Jerry (Ryan Reynolds) is an upbeat man who works at a bathtub factory, and lives in a modified apartment above a bowling alley with his dog, Bosco, and his cat, Mr. Whiskers. Jerry is a man with an innocent, almost childlike, demeanor and suffers from delusions and hallucinations that manifest in the form of his pets talking to him. Bosco often represents his good intentions while Mr. Whiskers represents his more violent nature.

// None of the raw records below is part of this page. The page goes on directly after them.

lemma emeasure_coord_measure_affine_preimage:
  fixes d :: nat and p :: rvec and r :: real
  assumes r: "r > 0"
  defines "h \<equiv> \<lambda>y. \<lambda>i\<in>{..<d}. (y i - p i) / r"
  shows "h \<in> coord_measure d \<rightarrow>\<^sub>M coord_measure d"
    and "X \<in> sets (coord_measure d) \<Longrightarrow>
      emeasure (coord_measure d) (h -` X \<inter> space (coord_measure d)) = ennreal (r ^ d) * emeasure (coord_measure d) X"
proof -
  show h: "h \<in> coord_measure d \<rightarrow>\<^sub>M coord_measure d"
    unfolding h_def coord_measure_def by measurable
  define Q where "Q = density (distr (coord_measure d) (coord_measure d) h) (\<lambda>_. ennreal (1 / r ^ d))"
  have Q_eq: "Q = coord_measure d"
    unfolding coord_measure_def
  proof (rule lborel_product.PiM_eqI)
    show "sets Q = sets (PiM {..<d} (\<lambda>_. lborel))" by (simp add: Q_def coord_measure_def)
    fix A :: "nat \<Rightarrow> real set" assume A: "\<And>i. i \<in> {..<d} \<Longrightarrow> A i \<in> sets lborel"
    then have box: "Pi\<^sub>E {..<d} A \<in> sets (coord_measure d)"
      unfolding coord_measure_def by (intro sets_PiM_I_finite) auto
    have preimage: "h -` Pi\<^sub>E {..<d} A \<inter> space (coord_measure d) = Pi\<^sub>E {..<d} (\<lambda>i. {t. (t - p i) / r \<in> A i})"
      unfolding h_def space_coord_measure by (auto simp: PiE_def Pi_def extensional_def)
    have A': "{t. (t - p i) / r \<in> A i} \<in> sets lborel" if "i < d" for i
      using measurable_sets[of "\<lambda>t::real. (t - p i) / r" borel borel "A i"] A that
      by (simp add: vimage_def)
    have "emeasure Q (Pi\<^sub>E {..<d} A)
        = ennreal (1 / r ^ d) * emeasure (coord_measure d) (h -` Pi\<^sub>E {..<d} A \<inter> space (coord_measure d))"
      unfolding Q_def using box h by (simp add: emeasure_density_const emeasure_distr)
    also have "\<dots> = ennreal (1 / r ^ d) * (\<Prod>i<d. emeasure lborel {t. (t - p i) / r \<in> A i})"
      unfolding preimage unfolding coord_measure_def using A' by (subst lborel_product.emeasure_PiM) auto
    also have "\<dots> = ennreal (1 / r ^ d) * (ennreal r ^ d * (\<Prod>i<d. emeasure lborel (A i)))"
      using A r by (simp add: emeasure_lborel_affine_preimage prod.distrib)
    also have "\<dots> = (\<Prod>i<d. emeasure lborel (A i))"
      using r by (simp add: ennreal_power ennreal_mult[symmetric] mult.assoc[symmetric])
    finally show "emeasure Q (Pi\<^sub>E {..<d} A) = (\<Prod>i\<in>{..<d}. emeasure lborel (A i))" by simp
  qed simp
  assume X: "X \<in> sets (coord_measure d)"
  have "emeasure (coord_measure d) X = ennreal (1 / r ^ d) * emeasure (coord_measure d) (h -` X \<inter> space (coord_measure d))"
    using X h by (subst Q_eq[symmetric]) (simp add: Q_def emeasure_density_const emeasure_distr)
  then show "emeasure (coord_measure d) (h -` X \<inter> space (coord_measure d)) = ennreal (r ^ d) * emeasure (coord_measure d) X"
    using r by (simp add: ennreal_mult[symmetric] mult.assoc[symmetric])
qed

lemma coords_homothety_image:
  assumes r: "r > 0" and "p \<in> Rsp d" "A \<subseteq> Rsp d"
  shows "coords d (homothety p r ` A)
    = (\<lambda>y. \<lambda>i\<in>{..<d}. (y i - p i) / r) -` coords d A \<inter> space (coord_measure d)"
proof -
  have "zero_ext d y = homothety p r a \<longleftrightarrow> a = zero_ext d (\<lambda>i\<in>{..<d}. (y i - p i) / r)"
    if "a \<in> A" for a y
  proof -
    have "zero_ext d y i = homothety p r a i \<longleftrightarrow> a i = zero_ext d (\<lambda>i\<in>{..<d}. (y i - p i) / r) i" for i
      using that assms by (cases "i < d") (auto simp: zero_ext_def homothety_def Rsp_def subset_iff field_simps)
    then show ?thesis by (simp add: fun_eq_iff)
  qed
  then show ?thesis
    by (auto simp: coords_def space_coord_measure)
qed
lemma beta_attained:
  assumes "finite V"
  shows "\<exists>S. maximal_independent V E S \<and> beta V E = card S"
proof -
  let ?cards = "{card S | S. maximal_independent V E S}"
  have "?cards \<subseteq> card ` Pow V"
    by (auto simp: maximal_independent_def independent_def)
  then have "finite ?cards" using assms by (meson finite_Pow_iff finite_surj)
  moreover have "?cards \<noteq> {}" using maximal_independent_exists[OF assms] by blast
  ultimately have "beta V E \<in> ?cards" unfolding beta_def by (rule Min_in)
  then show ?thesis by blast
qed

lemma maximal_independent_dominating:
  assumes "simple_graph V E" "maximal_independent V E S"
  shows "V \<subseteq> S \<union> (\<Union>s\<in>S. {u \<in> V. E s u})"
proof
  fix v assume v: "v \<in> V"
  show "v \<in> S \<union> (\<Union>s\<in>S. {u \<in> V. E s u})"
  proof (rule ccontr)
    assume v_new: "v \<notin> S \<union> (\<Union>s\<in>S. {u \<in> V. E s u})"
    then have "v \<notin> S" by blast
    have nonadj: "\<not> E s v" "\<not> E v s" if "s \<in> S" for s
      using assms(1) v v_new that unfolding simple_graph_def by blast+
    have "\<not> E v v" using assms(1) unfolding simple_graph_def by blast
    then have "independent V E (insert v S)"
      using assms(2) v nonadj unfolding maximal_independent_def independent_def by auto
    then show False using assms(2) \<open>v \<notin> S\<close> unfolding maximal_independent_def by blast
  qed
qed
(* Assume (S) with $a>0$. There is a constant $c_1>0$, independent of $\delta\in(0,1)$, such that for all $u\in\bar S_0$ and all $\delta\in(0,1)$, $$\frac\beta2\|\partial_x^2u\|_{L_2(D)}^2+\frac a4\|\partial_xu\|_{L_2(D)}^2\le E_\delta(u)+c_1.$$
   Context: Standing setting (S): $L>0$, $D=(-L,L)$, $H>0$, $\mathcal R_\delta=D\times(-H-\delta,-H)$; $\Omega_\delta(u)=\{(x,z):x\in D,\ -H-\delta<z<u(x)\}$; $\bar S_0=\{u\in H^2(D):u(\pm L)=\partial_xu(\pm L)=0,\ u\ge-H\}$. $\sigma\in C^2(\bar D\times[-H-1,-H])$, $\sigma>0$; $\sigma_\delta=\delta\sigma$ on $\mathcal R_\delta$, $=1$ on $D\times(-H,\infty)$. $h_b\in C^2(\bar D\times[-H-1,-H]\times[-H,\infty))$, $h\in C^2(\bar D\times[-H,\infty)\times[-H,\infty))$ with $h_b(x,-H,w)=h(x,-H,w)$, $\sigma(x,-H)\partial_zh_b(x,-H,w)=\partial_zh(x,-H,w)$, and with $m>0$: $|\partial_xh_b|+|\partial_zh_b|\le\sqrt{m(1+w^2)}$, $|\partial_wh_b|\le\sqrt m$, $|\partial_xh|+|\partial_zh|\le\sqrt{m(1+w^2)/(H+w)}$, $|\partial_wh|\le\sqrt{m/(H+w)}$. $h_{u,\delta}(x,z)=h_b(x,-H+(z+H)/\delta,u(x))$ for $z<-H$, $=h(x,z,u(x))$ for $z\ge-H$. $\psi_{u,\delta}$: unique $\psi$ with $\psi-h_{u,\delta}\in H^1_0(\Omega_\delta(u))$ minimizing $\int_{\Omega_\delta(u)}\sigma_\delta|\nabla\psi|^2$. With $\beta>0,\tau\ge0,a\ge0$: $E_\delta(u)=\frac\beta2\|\partial_x^2u\|_{L_2}^2+(\frac\tau2+\frac a4\|\partial_xu\|_{L_2}^2)\|\partial_xu\|_{L_2}^2-\frac12\int_{\Omega_\delta(u)}\sigma_\delta|\nabla\psi_{u,\delta}|^2$. *)

theory Defs
  imports "HOL-Analysis.Analysis"
begin

type_synonym pt2 = "real \<times> real"
type_synonym pt3 = "real \<times> real \<times> real"

definition C2_on :: "'a::real_normed_vector set \<Rightarrow> ('a \<Rightarrow> real) \<Rightarrow> ('a \<Rightarrow> 'a \<Rightarrow>\<^sub>L real) \<Rightarrow> bool" where
  "C2_on K f Df \<longleftrightarrow>
     (\<forall>p\<in>K. (f has_derivative blinfun_apply (Df p)) (at p within K)) \<and>
     (\<exists>D2f :: 'a \<Rightarrow> 'a \<Rightarrow>\<^sub>L ('a \<Rightarrow>\<^sub>L real).
        (\<forall>p\<in>K. (Df has_derivative blinfun_apply (D2f p)) (at p within K)) \<and> continuous_on K D2f)"

definition smooth2 :: "(pt2 \<Rightarrow> real) \<Rightarrow> bool" where
  "smooth2 f \<longleftrightarrow> (\<exists>S :: (pt2 \<Rightarrow> real) set. f \<in> S \<and>
     (\<forall>g\<in>S. \<exists>g1\<in>S. \<exists>g2\<in>S. \<forall>p.
        (g has_derivative (\<lambda>v. fst v * g1 p + snd v * g2 p)) (at p)))"

definition test_fn :: "pt2 set \<Rightarrow> (pt2 \<Rightarrow> real) \<Rightarrow> bool" where
  "test_fn \<Omega> \<phi> \<longleftrightarrow> smooth2 \<phi> \<and> compact (closure {p. \<phi> p \<noteq> 0})
      \<and> closure {p. \<phi> p \<noteq> 0} \<subseteq> \<Omega>"

definition grad2 :: "(pt2 \<Rightarrow> real) \<Rightarrow> pt2 \<Rightarrow> pt2" where
  "grad2 \<phi> p = (frechet_derivative \<phi> (at p) (1,0), frechet_derivative \<phi> (at p) (0,1))"

definition L2_on :: "'a::euclidean_space set \<Rightarrow> ('a \<Rightarrow> 'b::euclidean_space) \<Rightarrow> bool" where
  "L2_on S f \<longleftrightarrow> f measurable_on S \<and> (\<lambda>p. (norm (f p))\<^sup>2) integrable_on S"

definition weak_grad :: "pt2 set \<Rightarrow> (pt2 \<Rightarrow> real) \<Rightarrow> (pt2 \<Rightarrow> pt2) \<Rightarrow> bool" where
  "weak_grad \<Omega> f G \<longleftrightarrow> (\<forall>\<phi>. test_fn \<Omega> \<phi> \<longrightarrow>
      integral \<Omega> (\<lambda>p. f p * fst (grad2 \<phi> p)) = - integral \<Omega> (\<lambda>p. fst (G p) * \<phi> p) \<and>
      integral \<Omega> (\<lambda>p. f p * snd (grad2 \<phi> p)) = - integral \<Omega> (\<lambda>p. snd (G p) * \<phi> p))"

definition H1_on :: "pt2 set \<Rightarrow> (pt2 \<Rightarrow> real) \<Rightarrow> (pt2 \<Rightarrow> pt2) \<Rightarrow> bool" where
  "H1_on \<Omega> f G \<longleftrightarrow> L2_on \<Omega> f \<and> L2_on \<Omega> G \<and> weak_grad \<Omega> f G"

definition H10_on :: "pt2 set \<Rightarrow> (pt2 \<Rightarrow> real) \<Rightarrow> bool" where
  "H10_on \<Omega> v \<longleftrightarrow> (\<exists>G. H1_on \<Omega> v G \<and>
     (\<exists>\<phi> :: nat \<Rightarrow> pt2 \<Rightarrow> real. (\<forall>n. test_fn \<Omega> (\<phi> n)) \<and>
        (\<lambda>n. integral \<Omega> (\<lambda>p. (\<phi> n p - v p)\<^sup>2)) \<longlonglongrightarrow> 0 \<and>
        (\<lambda>n. integral \<Omega> (\<lambda>p. (norm (grad2 (\<phi> n) p - G p))\<^sup>2)) \<longlonglongrightarrow> 0))"

text \<open>u in H^2(-L,L) (continuous representative), with u1 = u' (C^0, absolutely continuous)
  and u2 = u'' in L2.\<close>
definition H2_repr :: "real \<Rightarrow> (real \<Rightarrow> real) \<Rightarrow> (real \<Rightarrow> real) \<Rightarrow> (real \<Rightarrow> real) \<Rightarrow> bool" where
  "H2_repr L u u1 u2 \<longleftrightarrow> L2_on {-L..L} u2 \<and>
     (\<forall>x\<in>{-L..L}. (u has_real_derivative u1 x) (at x within {-L..L})) \<and>
     (\<forall>x\<in>{-L..L}. u1 x = u1 (-L) + integral {-L..x} u2)"

definition barS0 :: "real \<Rightarrow> real \<Rightarrow> (real \<Rightarrow> real) \<Rightarrow> (real \<Rightarrow> real) \<Rightarrow> (real \<Rightarrow> real) \<Rightarrow> bool" where
  "barS0 L H u u1 u2 \<longleftrightarrow> H2_repr L u u1 u2 \<and> u (-L) = 0 \<and> u L = 0 \<and> u1 (-L) = 0 \<and> u1 L = 0
     \<and> (\<forall>x\<in>{-L..L}. u x \<ge> -H)"

definition Omega_d :: "real \<Rightarrow> real \<Rightarrow> real \<Rightarrow> (real \<Rightarrow> real) \<Rightarrow> pt2 set" where
  "Omega_d L H \<delta> u = {(x,z). -L < x \<and> x < L \<and> -H - \<delta> < z \<and> z < u x}"

definition sigma_d :: "real \<Rightarrow> real \<Rightarrow> (pt2 \<Rightarrow> real) \<Rightarrow> pt2 \<Rightarrow> real" where
  "sigma_d H \<delta> \<sigma> p = (if snd p < -H then \<delta> * \<sigma> p else 1)"

definition h_ud :: "real \<Rightarrow> real \<Rightarrow> (pt3 \<Rightarrow> real) \<Rightarrow> (pt3 \<Rightarrow> real) \<Rightarrow> (real \<Rightarrow> real) \<Rightarrow> pt2 \<Rightarrow> real" where
  "h_ud H \<delta> hb h u p = (case p of (x,z) \<Rightarrow>
      if z < -H then hb (x, -H + (z + H) / \<delta>, u x) else h (x, z, u x))"

text \<open>Dirichlet energies of admissible functions; the energy of the minimiser psi_{u,delta}
  is the infimum (= minimum) of this set.\<close>
definition dirichlet_energies :: "real \<Rightarrow> real \<Rightarrow> (pt2 \<Rightarrow> real) \<Rightarrow> (pt3 \<Rightarrow> real) \<Rightarrow> (pt3 \<Rightarrow> real)
    \<Rightarrow> real \<Rightarrow> (real \<Rightarrow> real) \<Rightarrow> real set" where
  "dirichlet_energies L H \<sigma> hb h \<delta> u =
     {integral (Omega_d L H \<delta> u) (\<lambda>p. sigma_d H \<delta> \<sigma> p * (norm (G p))\<^sup>2) | \<psi> G.
        H1_on (Omega_d L H \<delta> u) \<psi> G \<and>
        H10_on (Omega_d L H \<delta> u) (\<lambda>p. \<psi> p - h_ud H \<delta> hb h u p)}"

definition E_d :: "real \<Rightarrow> real \<Rightarrow> real \<Rightarrow> real \<Rightarrow> real \<Rightarrow> (pt2 \<Rightarrow> real) \<Rightarrow> (pt3 \<Rightarrow> real) \<Rightarrow> (pt3 \<Rightarrow> real)
    \<Rightarrow> real \<Rightarrow> (real \<Rightarrow> real) \<Rightarrow> (real \<Rightarrow> real) \<Rightarrow> (real \<Rightarrow> real) \<Rightarrow> real" where
  "E_d \<beta> \<tau> a L H \<sigma> hb h \<delta> u u1 u2 =
     \<beta> / 2 * integral {-L..L} (\<lambda>x. (u2 x)\<^sup>2)
     + (\<tau> / 2 + a / 4 * integral {-L..L} (\<lambda>x. (u1 x)\<^sup>2)) * integral {-L..L} (\<lambda>x. (u1 x)\<^sup>2)
     - 1 / 2 * Inf (dirichlet_energies L H \<sigma> hb h \<delta> u)"

end

theory Submission
  imports Defs
begin
lemma prob_codeword_covered_le:
  assumes "finite I" "j \<in> I" "S \<subseteq> I - {j}" "L > 0" "0 \<le> a"
  shows "measure_pmf.prob (bloom_family I L K)
           {C. C j \<subseteq> (\<Union>s\<in>S. C s) \<and> (1 - a) * real L \<le> real (card (uncovered L S C))} \<le> a ^ K"
proof -
  \<comment> \<open>\<open>C j\<close> is independent of the other codewords, so condition on them.\<close>
  have split_j: "bloom_family I L K = map_pmf (\<lambda>(y, f). f(j := y))
      (pair_pmf (bloom_filter L K) (bloom_family (I - {j}) L K))"
    using assms(1,2) Pi_pmf_insert[of "I - {j}" j "{}" "\<lambda>_. bloom_filter L K"]
    by (simp add: insert_absorb)
  show ?thesis unfolding split_j measure_map_pmf
  proof (rule prob_pair_pmf_le_sections)
    fix f :: "'a \<Rightarrow> nat set"
    let ?W = "\<Union>s\<in>S. f s"
    have "(f(j := y)) ` S = f ` S" for y
      using assms(3) by (intro image_cong) auto
    then have "{y. (y, f) \<in> (\<lambda>(y, f). f(j := y)) -`
            {C. C j \<subseteq> (\<Union>s\<in>S. C s) \<and> (1 - a) * real L \<le> real (card (uncovered L S C))}}
        = {y. y \<subseteq> ?W \<and> (1 - a) * real L \<le> real (card (uncovered L S f))}"
      by (simp add: uncovered_def)
    also have "measure_pmf.prob (bloom_filter L K) \<dots> \<le> a ^ K"
    proof (cases "(1 - a) * real L \<le> real (card (uncovered L S f))")
      case True
      then have "real (card ({..<L} \<inter> ?W)) \<le> a * real L"
        using card_covered_add_card_uncovered[where L=L and S=S and C=f] by (simp add: algebra_simps flip: of_nat_add)
      then have "(real (card ({..<L} \<inter> ?W)) / real L) ^ K \<le> a ^ K"
        using assms(4) by (intro power_mono) (auto simp: field_simps)
      with True show ?thesis
        using assms(4) by (simp add: prob_bloom_filter_subset)
    qed (use assms(5) in simp)
    finally show "measure_pmf.prob (bloom_filter L K) {y. (y, f) \<in> (\<lambda>(y, f). f(j := y)) -`
            {C. C j \<subseteq> (\<Union>s\<in>S. C s) \<and> (1 - a) * real L \<le> real (card (uncovered L S C))}} \<le> a ^ K" .
  qed
qed

lemma decoding_error_subset:
  fixes u :: "nat \<Rightarrow> nat" and t :: real
  assumes u: "\<forall>n<N. u n < M"
  defines "S \<equiv> (\<lambda>n. (n, u n)) ` {..<N}"
  shows "{C. \<not> (\<forall>n<N. decodes_correctly M C (or_output N C u) n (u n))}
    \<subseteq> (\<Union>j\<in>{..<N} \<times> {..<M} - S. {C. C j \<subseteq> (\<Union>s\<in>S. C s) \<and> t \<le> real (card (uncovered L S C))})
        \<union> {C. real (card (uncovered L S C)) < t}"
proof
  fix C assume "C \<in> {C. \<not> (\<forall>n<N. decodes_correctly M C (or_output N C u) n (u n))}"
  then obtain n where n: "n < N" and wrong: "\<not> decodes_correctly M C (or_output N C u) n (u n)"
    by blast
  have or_output_eq: "or_output N C u = (\<Union>s\<in>S. C s)"
    by (auto simp: or_output_def S_def)
  have "u n \<in> {m \<in> {..<M}. C (n, m) \<subseteq> or_output N C u}"
    using n u by (auto simp: or_output_def)
  then obtain m where "m < M" "m \<noteq> u n" "C (n, m) \<subseteq> (\<Union>s\<in>S. C s)"
    using wrong unfolding decodes_correctly_def or_output_eq by blast
  with n show "C \<in> (\<Union>j\<in>{..<N} \<times> {..<M} - S. {C. C j \<subseteq> (\<Union>s\<in>S. C s) \<and> t \<le> real (card (uncovered L S C))})
        \<union> {C. real (card (uncovered L S C)) < t}"
    by (cases "real (card (uncovered L S C)) < t") (auto simp: S_def intro!: bexI[of _ "(n, m)"])
qed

And then there’s a significant real-life Bosco, a political dog. From Wikipedia:

Bosco Ramos was a dog elected honorary mayor of the [very small] unincorporated community of Sunol, California [in Alameda County, near Pleasanton and Fremont.. He was a black Labrador retriever and Rottweiler mix, usually known simply as “Bosco”. Bosco defeated two humans to win the honorary mayoral election in 1981, and served until his death in 1994. Bosco achieved international attention in 1984 when the British tabloid the Daily Star covered his election, describing Sunol as “the wackiest town in the world.” He appeared with his owner, Tom Stillman, as a contestant on the game show 3rd Degree, where the panelists failed to guess Bosco’s occupation. In 1990, the Chinese newspaper the People’s Daily reported on his tenure as an alleged example of the failings of the American electoral process, but in response, Sunol residents commented that the dog’s office was “merely a joke”. A statue of Bosco [by Lena Toritch, a Russian artist living in Salt Lake City] was erected in front of the town Post Office in 2008:

(#8)

But wait! The story now veers into the annals of bad taste. From the Roadside America site on Bosco:

Though no animal (or human) filled the vacancy, Sunol wasn’t ready to forget their leader — though the town is split on the degree of reverence required. A restaurant calling itself Bosco’s Bones and Brew opened in 1999 featuring a specially engineered, Bosco-like stuffed dead dog behind the bar.

The dog pees!

The bartender lifts the dog’s left rear leg to draw a pint of beer. Bosco’s Bones & Brew is under new ownership, but the dog is still tapped and sampled daily. When we visited, bartender Michelle coaxed the dead dog into streaming Michelob Dark.